- Regular season: August–November 1987
- Postseason: November–December 1987
- National Championship: Tacoma Dome Tacoma, WA
- Champions: Pacific Lutheran (2) Wisconsin–Stevens Point (forfeited)

= 1987 NAIA Division II football season =

American college football season

The 1987 NAIA Division II football season, as part of the 1987 college football season in the United States and the 32nd season of college football sponsored by the National Association of Intercollegiate Athletics (NAIA), was the 18th season of play of the NAIA's lower division for football.

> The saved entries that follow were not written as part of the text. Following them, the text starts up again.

(* Let $n=3$ and $\tau=\tau_\mu\in\widehat{SO_3}$. Then $$\Phi^\tau_{\rho,2\mu-s}(y)=\Phi^\tau_{\rho,s}(-y)\qquad\forall y\in\mathbb R^3,\ \rho\ge0,\ s=0,\dots,2\mu,$$ so that if $F\in\mathcal S(\mathbb R^3,{\rm End}(V_\tau))^K$ is decomposed into its even part $F_+$ and odd part $F_-$, then $$\mathcal G^\sharp_\tau F_\pm(\rho^2,\lambda_{s,\tau}\rho)=\pm\mathcal G^\sharp_\tau F_\pm(\rho^2,-\lambda_{s,\tau}\rho)\qquad\forall\rho\ge0,\ s=0,\dots,2\mu.$$
   Context: $K=SO_3$ acts naturally on $\mathbb R^3$; $o=(1,0,0)$ with stabilizer $K_o\cong SO_2$. $\tau_\mu$ ($\mu\in\mathbb N$) is the irreducible representation of $SO_3$ of dimension $d_\tau=2\mu+1$ on $V_\tau=\bigoplus_{s=0}^{2\mu}U_s$, where $U_s$ is the line on which rotation of $K_o$ by angle $t$ acts by $e^{i(s-\mu)t}$; $P_{s,\tau}$ is the orthogonal projection onto $U_s$ and $\lambda_{s,\tau}=s-\mu$. $\mathcal S(\mathbb R^3,{\rm End}(V_\tau))^K$ is the space of Schwartz functions $F$ with $F(ky)=\tau(k)F(y)\tau(k)^{-1}$. The functions $\Phi^\tau_{\rho,s}(y)=d_\tau\int_Ke^{i\rho\,o\cdot(ky)}\tau(k^{-1})P_{s,\tau}\tau(k)\,dk$ are the ${\rm End}(V_\tau)$-valued spherical functions, and $\mathcal G^\sharp_\tau F(\rho^2,\lambda_{s,\tau}\rho)=\frac1{d_\tau}\int_{\mathbb R^3}{\rm tr}\big(F(y)\Phi^\tau_{\rho,s}(-y)\big)dy$ (note $-\lambda_{s,\tau}=\lambda_{2\mu-s,\tau}$). *)

theory Defs
  imports "HOL-Analysis.Analysis" "Jordan_Normal_Form.Schur_Decomposition"
begin

definition SO3 :: "(real^3^3) set" where
  "SO3 = {k. rotation_matrix k}"

definition pt_o :: "real^3" where
  "pt_o = axis 1 1"

text \<open>Rotations about the three coordinate axes. K_o (stabiliser of o) is
  the group of rotations rot_x t.\<close>
definition rot_x :: "real \<Rightarrow> real^3^3" where
  "rot_x t = vector [vector [1, 0, 0], vector [0, cos t, - sin t], vector [0, sin t, cos t]]"

definition rot_y :: "real \<Rightarrow> real^3^3" where
  "rot_y t = vector [vector [cos t, 0, sin t], vector [0, 1, 0], vector [- sin t, 0, cos t]]"

text \<open>Normalised Haar integral on SO(3), written in (proper) Euler angles
  k = rot_x a * rot_y b * rot_x c, with Haar density sin b / (8 pi^2).\<close>
definition haar_SO3 :: "(real^3^3 \<Rightarrow> complex) \<Rightarrow> complex" where
  "haar_SO3 f = interval_lebesgue_integral lborel 0 (ereal (2*pi)) (\<lambda>a.
        interval_lebesgue_integral lborel 0 (ereal pi) (\<lambda>b.
        interval_lebesgue_integral lborel 0 (ereal (2*pi)) (\<lambda>c.
        complex_of_real (sin b / (8 * pi^2)) * f (rot_x a ** rot_y b ** rot_x c))))"
(* Let $G=(V,E,w)$ be an undirected graph with positive real edge weights, $s\in V$, $f\ge1$ an integer, and let $T$, $w'$, $H$ be as in the context. Let $F\subseteq E$ with $|F|\le f$, and let $t\in V$ be a vertex reachable from $s$ in $G-F$. Let $M$ be a minimum spanning forest of $H-F$ with respect to $w'$, let $\pi'$ be the unique path from $s$ to $t$ in $M$, and let $N'$ be the set of new edges of $\pi'$. Then $$d_{H-F}(t)\le w(\pi')\le \sum_{e\in N'} w'(e)+d_G(t).$$
   Context: For a subgraph $X$ of $G$, $d_X(u,u')$ is the distance between $u,u'$ in $X$ with respect to $w$, and $d_X(u)=d_X(s,u)$; $w(\pi)$ is the total $w$-weight of a path $\pi$. $T$ is a shortest-path tree of $G$ rooted at $s$. Define $w'(u,v)=0$ if $(u,v)\in E(T)$ and $w'(u,v)=d_T(u)+w(u,v)+d_T(v)$ otherwise; $G'=(V,E,w')$. Set $G_0=G'$; for $i=0,\dots,f$ let $M_i$ be the edge set of a minimum spanning forest of $G_i$ with respect to $w'$ and $G_{i+1}=G_i$ minus the edges of $M_i$. $H$ is the spanning subgraph of $G$ with edge set $\bigcup_{i=0}^f M_i$. $X-F$ denotes $X$ with the edges of $F$ removed. An edge is called new (with respect to $F$) if its endpoints lie in different connected components of the forest $T-F$. *)

theory Defs
  imports Complex_Main "HOL-Library.Extended_Real"
begin

definition edges_ok :: "'v set \<Rightarrow> 'v set set \<Rightarrow> bool" where
  "edges_ok V E \<longleftrightarrow> (\<forall>e\<in>E. \<exists>u v. u \<noteq> v \<and> u \<in> V \<and> v \<in> V \<and> e = {u, v})"

fun path_edges :: "'v list \<Rightarrow> 'v set list" where
  "path_edges (x # y # xs) = {x, y} # path_edges (y # xs)"
| "path_edges _ = []"

definition is_walk :: "'v set \<Rightarrow> 'v set set \<Rightarrow> 'v list \<Rightarrow> bool" where
  "is_walk V X p \<longleftrightarrow> p \<noteq> [] \<and> set p \<subseteq> V \<and> set (path_edges p) \<subseteq> X"

definition is_path :: "'v set \<Rightarrow> 'v set set \<Rightarrow> 'v \<Rightarrow> 'v \<Rightarrow> 'v list \<Rightarrow> bool" where
  "is_path V X u v p \<longleftrightarrow> is_walk V X p \<and> distinct p \<and> hd p = u \<and> last p = v"

definition connected_in :: "'v set \<Rightarrow> 'v set set \<Rightarrow> 'v \<Rightarrow> 'v \<Rightarrow> bool" where
  "connected_in V X u v \<longleftrightarrow> (\<exists>p. is_path V X u v p)"

definition path_weight :: "('v set \<Rightarrow> real) \<Rightarrow> 'v list \<Rightarrow> real" where
  "path_weight w p = sum_list (map w (path_edges p))"

text \<open>d_X(u,v): distance in the subgraph (V,X) w.r.t. w (\<infinity> if unreachable).\<close>
definition dist :: "'v set \<Rightarrow> 'v set set \<Rightarrow> ('v set \<Rightarrow> real) \<Rightarrow> 'v \<Rightarrow> 'v \<Rightarrow> ereal" where
  "dist V X w u v = (INF p \<in> {p. is_path V X u v p}. ereal (path_weight w p))"

definition is_cycle :: "'v set \<Rightarrow> 'v set set \<Rightarrow> 'v list \<Rightarrow> bool" where
  "is_cycle V X c \<longleftrightarrow> length c \<ge> 3 \<and> distinct c \<and> is_walk V X c \<and> {last c, hd c} \<in> X"

definition acyclic_edges :: "'v set \<Rightarrow> 'v set set \<Rightarrow> bool" where
  "acyclic_edges V X \<longleftrightarrow> \<not> (\<exists>c. is_cycle V X c)"

definition spanning_forest :: "'v set \<Rightarrow> 'v set set \<Rightarrow> 'v set set \<Rightarrow> bool" where
  "spanning_forest V X M \<longleftrightarrow> M \<subseteq> X \<and> acyclic_edges V M \<and>
     (\<forall>u\<in>V. \<forall>v\<in>V. connected_in V X u v \<longrightarrow> connected_in V M u v)"

definition min_spanning_forest ::
  "'v set \<Rightarrow> 'v set set \<Rightarrow> ('v set \<Rightarrow> real) \<Rightarrow> 'v set set \<Rightarrow> bool" where
  "min_spanning_forest V X c M \<longleftrightarrow> spanning_forest V X M \<and>
     (\<forall>M'. spanning_forest V X M' \<longrightarrow> sum c M \<le> sum c M')"

definition sp_tree :: "'v set \<Rightarrow> 'v set set \<Rightarrow> ('v set \<Rightarrow> real) \<Rightarrow> 'v \<Rightarrow> 'v set set \<Rightarrow> bool" where
  "sp_tree V E w s T \<longleftrightarrow> T \<subseteq> E \<and> acyclic_edges V T \<and>
     (\<forall>u\<in>V. \<forall>v\<in>V. connected_in V T u v) \<and>
     (\<forall>v\<in>V. dist V T w s v = dist V E w s v)"

definition w_prime :: "'v set \<Rightarrow> 'v set set \<Rightarrow> ('v set \<Rightarrow> real) \<Rightarrow> 'v \<Rightarrow> 'v set \<Rightarrow> real" where
  "w_prime V T w s e = (if e \<in> T then 0
      else w e + (\<Sum>u\<in>e. real_of_ereal (dist V T w s u)))"

definition new_edge :: "'v set \<Rightarrow> 'v set set \<Rightarrow> 'v set set \<Rightarrow> 'v set \<Rightarrow> bool" where
  "new_edge V T F e \<longleftrightarrow> (\<exists>u v. e = {u, v} \<and> \<not> connected_in V (T - F) u v)"

end

theory Submission
  imports Defs
begin

text \<open>The levels M_0, ..., M_f are pairwise disjoint forests, and an edge of G - F missing
  from H is spanned by every level; if F cut all f + 1 of these connections it would have more
  than f edges, so H - F connects s and t. Tree edges have w'-cost 0 and all other edges
  positive w'-cost, so minimum spanning forests keep every tree edge they may use: T lies in
  M_0 and T - F in M. Cutting the M-path at its new edges leaves segments without new edges;
  such a segment joins two vertices of one component of T - F, so by uniqueness of forest paths
  it is the tree path between them and weighs at most d_T(a) + d_T(b). A new edge is no tree
  edge, so its w'-cost pays for its own weight together with the depths of both of its ends.\<close>

lemma path_edges_append_shared:
  "path_edges (xs @ y # ys) = path_edges (xs @ [y]) @ path_edges (y # ys)"
  by (induction xs rule: path_edges.induct) auto

lemma path_edges_append:
  assumes "xs \<noteq> []" "ys \<noteq> []"
  shows "path_edges (xs @ ys) = path_edges xs @ {last xs, hd ys} # path_edges ys"
proof -
  obtain xs' a where xs: "xs = xs' @ [a]" using assms(1) by (cases xs rule: rev_cases) auto
  obtain b ys' where ys: "ys = b # ys'" using assms(2) by (cases ys) auto
  show ?thesis
    using path_edges_append_shared[of xs' a "b # ys'"] by (simp add: xs ys)
qed

lemma path_edges_rev: "path_edges (rev xs) = rev (path_edges xs)"
proof (induction xs rule: path_edges.induct)
  case (1 x y xs)
  have "path_edges (rev (x # y # xs)) = path_edges (rev (y # xs) @ [x])" by simp
  also have "\<dots> = rev (path_edges (y # xs)) @ [{y, x}]"
    using 1 by (subst path_edges_append) auto
  finally show ?case by (simp add: insert_commute)
qed auto

lemma path_edges_subset: "e \<in> set (path_edges p) \<Longrightarrow> e \<subseteq> set p"
  by (induction p rule: path_edges.induct) auto

lemma distinct_path_edges: "distinct p \<Longrightarrow> distinct (path_edges p)"
  by (induction p rule: path_edges.induct) (auto dest: path_edges_subset)

lemma in_path_edges_split:
  assumes "e \<in> set (path_edges p)"
  obtains p1 p2 where "p = p1 @ p2" "p1 \<noteq> []" "p2 \<noteq> []" "e = {last p1, hd p2}"
proof -
  have "\<exists>p1 p2. p = p1 @ p2 \<and> p1 \<noteq> [] \<and> p2 \<noteq> [] \<and> e = {last p1, hd p2}"
    using assms
  proof (induction p rule: path_edges.induct)
    case (1 x y xs)
    show ?case
    proof (cases "e = {x, y}")
      case True
      then show ?thesis by (intro exI[of _ "[x]"] exI[of _ "y # xs"]) auto
    next
      case False
      then obtain p1 p2 where "y # xs = p1 @ p2" "p1 \<noteq> []" "p2 \<noteq> []" "e = {last p1, hd p2}"
        using 1 by auto
      then show ?thesis by (intro exI[of _ "x # p1"] exI[of _ p2]) auto
    qed
  qed auto
  then show ?thesis using that by blast
qed

lemma path_weight_append:
  "xs \<noteq> [] \<Longrightarrow> ys \<noteq> [] \<Longrightarrow>
   path_weight w (xs @ ys) = path_weight w xs + w {last xs, hd ys} + path_weight w ys"
  by (simp add: path_weight_def path_edges_append)

lemma path_weight_rev: "path_weight w (rev p) = path_weight w p"
  by (simp add: path_weight_def path_edges_rev rev_map[symmetric] sum_list_rev)

lemma path_weight_append_tl:
  assumes "p \<noteq> []" "q \<noteq> []" "last p = hd q"
  shows "path_weight w (p @ tl q) = path_weight w p + path_weight w q"
proof -
  obtain b q' where q: "q = b # q'" using assms by (cases q) auto
  show ?thesis
  proof (cases q')
    case Nil
    then show ?thesis by (simp add: q path_weight_def)
  next
    case (Cons c r)
    then show ?thesis using assms path_weight_append[of p q' w]
      by (simp add: q path_weight_def)
  qed
qed

lemma last_append_tl: "q \<noteq> [] \<Longrightarrow> last p = hd q \<Longrightarrow> last (p @ tl q) = last q"
  by (cases q) auto

lemma is_walk_mono: "is_walk V X p \<Longrightarrow> X \<subseteq> Y \<Longrightarrow> is_walk V Y p"
  by (auto simp: is_walk_def)

lemma is_walk_rev: "is_walk V X p \<Longrightarrow> is_walk V X (rev p)"
  by (auto simp: is_walk_def path_edges_rev)

lemma is_walk_append_tl:
  assumes "is_walk V X p" "is_walk V X q" "last p = hd q"
  shows "is_walk V X (p @ tl q)"
proof -
  obtain b q' where q: "q = b # q'" using assms by (cases q) (auto simp: is_walk_def)
  have "p \<noteq> []" using assms by (auto simp: is_walk_def)
  then show ?thesis
    using assms by (cases q') (auto simp: q is_walk_def path_edges_append)
qed

lemma is_path_mono: "is_path V X u v p \<Longrightarrow> X \<subseteq> Y \<Longrightarrow> is_path V Y u v p"
  by (auto simp: is_path_def intro: is_walk_mono)

lemma is_path_rev: "is_path V X u v p \<Longrightarrow> is_path V X v u (rev p)"
  by (auto simp: is_path_def hd_rev last_rev intro: is_walk_rev)

lemma is_path_loop: "is_path V X u u p \<Longrightarrow> p = [u]"
  by (cases p) (auto simp: is_path_def is_walk_def split: if_splits)

text \<open>Repeatedly cut out the closed sub-walk between two visits of a vertex; with nonnegative
  weights this never increases the weight.\<close>
lemma walk_shortcut_to_path:
  assumes "is_walk V X p" "\<forall>e\<in>X. 0 \<le> w e"
  obtains q where "is_path V X (hd p) (last p) q" "path_weight w q \<le> path_weight w p"
proof -
  have "\<exists>q. is_path V X (hd p) (last p) q \<and> path_weight w q \<le> path_weight w p"
    using assms(1)
  proof (induction "length p" arbitrary: p rule: less_induct)
    case less
    show ?case
    proof (cases "distinct p")
      case True
      then show ?thesis using less.prems by (auto simp: is_path_def)
    next
      case False
      then obtain xs ys zs y where p: "p = xs @ [y] @ ys @ [y] @ zs"
        using not_distinct_decomp by blast
      let ?p' = "xs @ y # zs"
      have e1: "path_edges p =
          path_edges (xs @ [y]) @ path_edges (y # ys @ [y]) @ path_edges (y # zs)"
        using path_edges_append_shared[of xs y "ys @ y # zs"]
          path_edges_append_shared[of "y # ys" y zs] p by simp
      have e2: "path_edges ?p' = path_edges (xs @ [y]) @ path_edges (y # zs)"
        using path_edges_append_shared[of xs y zs] by simp
      have walk: "is_walk V X ?p'" using less.prems e1 e2 p by (auto simp: is_walk_def)
      have "0 \<le> sum_list (map w (path_edges (y # ys @ [y])))"
        using less.prems assms(2) e1 by (intro sum_list_nonneg) (auto simp: is_walk_def)
      then have lighter: "path_weight w ?p' \<le> path_weight w p"
        using e1 e2 by (simp add: path_weight_def)
      obtain q where q: "is_path V X (hd ?p') (last ?p') q" "path_weight w q \<le> path_weight w ?p'"
        using less.hyps[of ?p'] walk p by auto
      have "hd ?p' = hd p" "last ?p' = last p" using p by (cases xs; simp)+
      then show ?thesis using q lighter by auto
    qed
  qed
  then show ?thesis using that by blast
qed

lemma connected_in_walk: "is_walk V X p \<Longrightarrow> connected_in V X (hd p) (last p)"
  using walk_shortcut_to_path[of V X p "\<lambda>_. 0"] by (auto simp: connected_in_def)

lemma connected_in_path: "is_path V X u v p \<Longrightarrow> connected_in V X u v"
  by (auto simp: connected_in_def)

lemma connected_in_refl: "u \<in> V \<Longrightarrow> connected_in V X u u"
  unfolding connected_in_def is_path_def is_walk_def by (intro exI[of _ "[u]"]) auto

lemma connected_in_sym: "connected_in V X u v \<Longrightarrow> connected_in V X v u"
  by (auto simp: connected_in_def dest: is_path_rev)

lemma connected_in_trans:
  assumes "connected_in V X u v" "connected_in V X v x"
  shows "connected_in V X u x"
proof -
  obtain p q where p: "is_path V X u v p" and q: "is_path V X v x q"
    using assms by (auto simp: connected_in_def)
  have "is_walk V X (p @ tl q)" using p q is_walk_append_tl[of V X p q] by (auto simp: is_path_def)
  moreover have "hd (p @ tl q) = u" "last (p @ tl q) = x" using p q last_append_tl[of q p]
    by (auto simp: is_path_def is_walk_def)
  ultimately show ?thesis using connected_in_walk by fastforce
qed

The season was played from August to November 1987 and culminated in the 1987 NAIA Division II Football National Championship, played at the Tacoma Dome near the campus of Pacific Lutheran University in Tacoma, Washington. Pacific Lutheran and Wisconsin–Stevens Point played to a tie, 16–16, and were declared co-national champions. It was Pacific Lutheran's second NAIA national title and Wisconsin–Stevens Point's first. However, the Pointers later forfeited their shared of title after it was discovered they had been used two ineligible players during the season.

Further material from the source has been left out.